▶ [TASK TO CARRY OUT] Repeat precisely the span of lines below that opens with the line containing "Ppt prec (UNIV" and closes with the line containing "fixes i :: nat", both included.

▶ [DATA SUPPLIED]

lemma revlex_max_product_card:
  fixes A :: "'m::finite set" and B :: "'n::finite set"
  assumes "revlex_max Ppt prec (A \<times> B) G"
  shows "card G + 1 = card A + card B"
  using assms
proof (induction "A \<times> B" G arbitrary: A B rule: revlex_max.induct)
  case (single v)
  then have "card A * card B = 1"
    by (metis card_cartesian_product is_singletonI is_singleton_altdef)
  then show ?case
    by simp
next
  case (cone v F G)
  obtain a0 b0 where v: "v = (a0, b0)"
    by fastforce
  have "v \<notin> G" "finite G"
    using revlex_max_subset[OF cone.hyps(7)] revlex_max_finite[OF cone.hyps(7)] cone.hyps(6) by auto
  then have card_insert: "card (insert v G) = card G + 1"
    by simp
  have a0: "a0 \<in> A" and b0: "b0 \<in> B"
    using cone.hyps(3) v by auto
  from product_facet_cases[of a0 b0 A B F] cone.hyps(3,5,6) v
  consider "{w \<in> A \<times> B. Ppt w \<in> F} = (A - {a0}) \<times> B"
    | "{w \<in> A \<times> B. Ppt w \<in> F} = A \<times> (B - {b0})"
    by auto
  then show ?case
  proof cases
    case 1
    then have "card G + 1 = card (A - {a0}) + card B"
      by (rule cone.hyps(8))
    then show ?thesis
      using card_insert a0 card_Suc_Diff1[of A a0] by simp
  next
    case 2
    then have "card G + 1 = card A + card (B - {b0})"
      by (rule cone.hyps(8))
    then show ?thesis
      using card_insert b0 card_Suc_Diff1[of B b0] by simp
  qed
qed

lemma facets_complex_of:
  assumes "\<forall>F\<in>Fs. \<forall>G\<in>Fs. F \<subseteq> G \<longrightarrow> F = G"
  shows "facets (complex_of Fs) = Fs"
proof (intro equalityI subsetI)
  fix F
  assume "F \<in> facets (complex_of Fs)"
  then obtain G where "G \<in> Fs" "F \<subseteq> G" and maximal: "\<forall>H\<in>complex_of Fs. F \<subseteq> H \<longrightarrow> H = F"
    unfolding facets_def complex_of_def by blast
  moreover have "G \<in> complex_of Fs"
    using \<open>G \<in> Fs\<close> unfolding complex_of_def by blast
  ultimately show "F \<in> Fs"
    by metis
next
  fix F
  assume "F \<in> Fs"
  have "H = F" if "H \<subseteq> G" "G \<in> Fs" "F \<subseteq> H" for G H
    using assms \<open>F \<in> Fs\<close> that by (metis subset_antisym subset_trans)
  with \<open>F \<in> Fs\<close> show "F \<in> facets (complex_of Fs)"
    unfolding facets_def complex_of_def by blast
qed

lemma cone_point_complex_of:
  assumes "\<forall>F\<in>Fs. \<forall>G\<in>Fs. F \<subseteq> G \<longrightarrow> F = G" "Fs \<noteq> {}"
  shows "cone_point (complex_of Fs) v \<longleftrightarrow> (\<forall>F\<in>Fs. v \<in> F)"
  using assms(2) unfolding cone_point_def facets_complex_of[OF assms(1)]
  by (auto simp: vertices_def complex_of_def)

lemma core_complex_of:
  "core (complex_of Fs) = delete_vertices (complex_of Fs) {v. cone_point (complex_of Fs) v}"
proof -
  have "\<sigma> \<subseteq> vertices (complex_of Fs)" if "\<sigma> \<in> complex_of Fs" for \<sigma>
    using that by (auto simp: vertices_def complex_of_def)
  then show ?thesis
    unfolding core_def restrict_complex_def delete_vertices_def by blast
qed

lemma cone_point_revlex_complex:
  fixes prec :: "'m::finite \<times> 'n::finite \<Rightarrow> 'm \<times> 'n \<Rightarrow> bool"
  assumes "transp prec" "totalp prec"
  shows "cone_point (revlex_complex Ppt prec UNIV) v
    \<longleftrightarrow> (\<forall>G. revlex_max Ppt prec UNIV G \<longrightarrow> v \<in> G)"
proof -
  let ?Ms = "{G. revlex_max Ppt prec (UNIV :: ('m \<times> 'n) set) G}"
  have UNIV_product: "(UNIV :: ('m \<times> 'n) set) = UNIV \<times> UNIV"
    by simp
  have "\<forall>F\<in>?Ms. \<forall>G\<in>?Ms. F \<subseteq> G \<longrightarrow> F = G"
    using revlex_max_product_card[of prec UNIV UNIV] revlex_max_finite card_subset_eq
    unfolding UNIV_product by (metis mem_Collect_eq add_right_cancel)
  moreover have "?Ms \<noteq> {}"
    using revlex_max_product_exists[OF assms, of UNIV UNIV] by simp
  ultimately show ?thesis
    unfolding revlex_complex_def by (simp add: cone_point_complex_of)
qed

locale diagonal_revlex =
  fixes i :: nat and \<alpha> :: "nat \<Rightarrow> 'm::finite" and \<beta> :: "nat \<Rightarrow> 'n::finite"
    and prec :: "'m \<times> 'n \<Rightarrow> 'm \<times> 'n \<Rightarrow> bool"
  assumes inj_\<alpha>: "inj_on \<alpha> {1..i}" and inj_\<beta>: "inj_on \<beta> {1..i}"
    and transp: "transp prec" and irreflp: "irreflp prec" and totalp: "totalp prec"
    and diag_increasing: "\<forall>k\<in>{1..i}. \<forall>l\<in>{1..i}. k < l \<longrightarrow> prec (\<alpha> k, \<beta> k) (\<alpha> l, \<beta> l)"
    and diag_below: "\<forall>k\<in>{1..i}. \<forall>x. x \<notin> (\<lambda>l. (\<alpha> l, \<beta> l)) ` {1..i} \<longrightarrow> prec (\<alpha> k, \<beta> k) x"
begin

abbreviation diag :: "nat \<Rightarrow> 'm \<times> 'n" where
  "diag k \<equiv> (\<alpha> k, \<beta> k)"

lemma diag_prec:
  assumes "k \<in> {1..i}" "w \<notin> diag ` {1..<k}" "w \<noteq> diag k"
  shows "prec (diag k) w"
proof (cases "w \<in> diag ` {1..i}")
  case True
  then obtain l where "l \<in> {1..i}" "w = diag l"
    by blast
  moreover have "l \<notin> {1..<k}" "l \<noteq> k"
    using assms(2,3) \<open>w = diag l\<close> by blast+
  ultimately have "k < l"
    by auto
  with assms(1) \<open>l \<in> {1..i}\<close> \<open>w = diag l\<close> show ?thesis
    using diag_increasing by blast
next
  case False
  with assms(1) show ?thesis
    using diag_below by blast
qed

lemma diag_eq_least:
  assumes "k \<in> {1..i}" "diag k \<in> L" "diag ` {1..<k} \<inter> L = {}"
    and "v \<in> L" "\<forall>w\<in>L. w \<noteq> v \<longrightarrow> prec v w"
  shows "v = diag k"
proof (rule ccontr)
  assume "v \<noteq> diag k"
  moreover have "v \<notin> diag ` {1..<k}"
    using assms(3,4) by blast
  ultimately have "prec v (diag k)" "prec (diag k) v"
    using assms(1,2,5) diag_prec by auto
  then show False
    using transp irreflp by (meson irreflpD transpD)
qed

▶ [RESPONSE BELOW]
  let ?Ms = "{G. revlex_max Ppt prec (UNIV :: ('m \<times> 'n) set) G}"
  have UNIV_product: "(UNIV :: ('m \<times> 'n) set) = UNIV \<times> UNIV"
    by simp
  have "\<forall>F\<in>?Ms. \<forall>G\<in>?Ms. F \<subseteq> G \<longrightarrow> F = G"
    using revlex_max_product_card[of prec UNIV UNIV] revlex_max_finite card_subset_eq
    unfolding UNIV_product by (metis mem_Collect_eq add_right_cancel)
  moreover have "?Ms \<noteq> {}"
    using revlex_max_product_exists[OF assms, of UNIV UNIV] by simp
  ultimately show ?thesis
    unfolding revlex_complex_def by (simp add: cone_point_complex_of)
qed

locale diagonal_revlex =
  fixes i :: nat and \<alpha> :: "nat \<Rightarrow> 'm::finite" and \<beta> :: "nat \<Rightarrow> 'n::finite"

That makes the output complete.